(Stored items)

(* Let $R\in\{R^L,R^C,R^V\}$ and let $\mathbf{u}$ be any utility profile. If a ballot vector $\mathbf{b}$ is a PNE of $(\mathcal{T},R,\mathbf{u})$, then for every voter $i\in N$ either $b_i=a_i$ or $b_i\in W(\mathbf{b})$.
   Context: Let $C=\{c_1,\dots,c_m\}$ be candidates and $N=\{1,\dots,n\}$ voters, each with an injective utility function $u_i:C\to\mathbb{N}$ inducing $c\succ_i c'$ iff $u_i(c)>u_i(c')$; $a_i$ is $i$'s top candidate. A ballot vector is $\mathbf{b}=(b_1,\dots,b_n)$ with $b_i\in C\cup\{\bot\}$ ($\bot$ = abstain); $(\mathbf{b}_{-i},b')$ replaces $b_i$ by $b'$. $\mathrm{sc}(c,\mathbf{b})=|\{i:b_i=c\}|$, $M(\mathbf{b})=\max_c\mathrm{sc}(c,\mathbf{b})$, $W(\mathbf{b})=\{c:\mathrm{sc}(c,\mathbf{b})=M(\mathbf{b})\}$ (equal to $C$ if all abstain). If $|W(\mathbf{b})|=1$ its element wins; otherwise: $R^L$ picks the $c_j\in W(\mathbf{b})$ with smallest index; $R^C$ picks uniformly at random from $W(\mathbf{b})$; $R^V$ picks a uniformly random voter $i\in N$ and outputs $b_i$ if $b_i\in W(\mathbf{b})$, else $i$'s most preferred candidate in $W(\mathbf{b})$. Let $p_j(\mathbf{b})$ be the probability that $c_j$ wins. Fix $0<\varepsilon<\min\{1/m,1/n\}$. In the truth-biased setting $\mathcal{T}$, voter $i$'s utility is $U_i(\mathbf{b})=\sum_jp_j(\mathbf{b})u_i(c_j)$ if $b_i\in C\setminus\{a_i\}$, $\sum_jp_j(\mathbf{b})u_i(c_j)+\varepsilon$ if $b_i=a_i$, and $-\infty$ if $b_i=\bot$. The game $(\mathcal{T},R,\mathbf{u})$ has players $N$ with action sets $C\cup\{\bot\}$. A PNE is a ballot vector $\mathbf{b}$ with $U_i(\mathbf{b})\ge U_i(\mathbf{b}_{-i},b')$ for all $i\in N$ and $b'\in C\cup\{\bot\}$. *)

theory Defs
  imports Complex_Main "HOL-Library.Extended_Real"
begin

TASK ITEM → Each of the lines from the one holding "theory Defs" through the final line of the entries is to be set down exactly, and no others.

WORKED SOLUTION →
theory Defs
  imports Complex_Main "HOL-Library.Extended_Real"
begin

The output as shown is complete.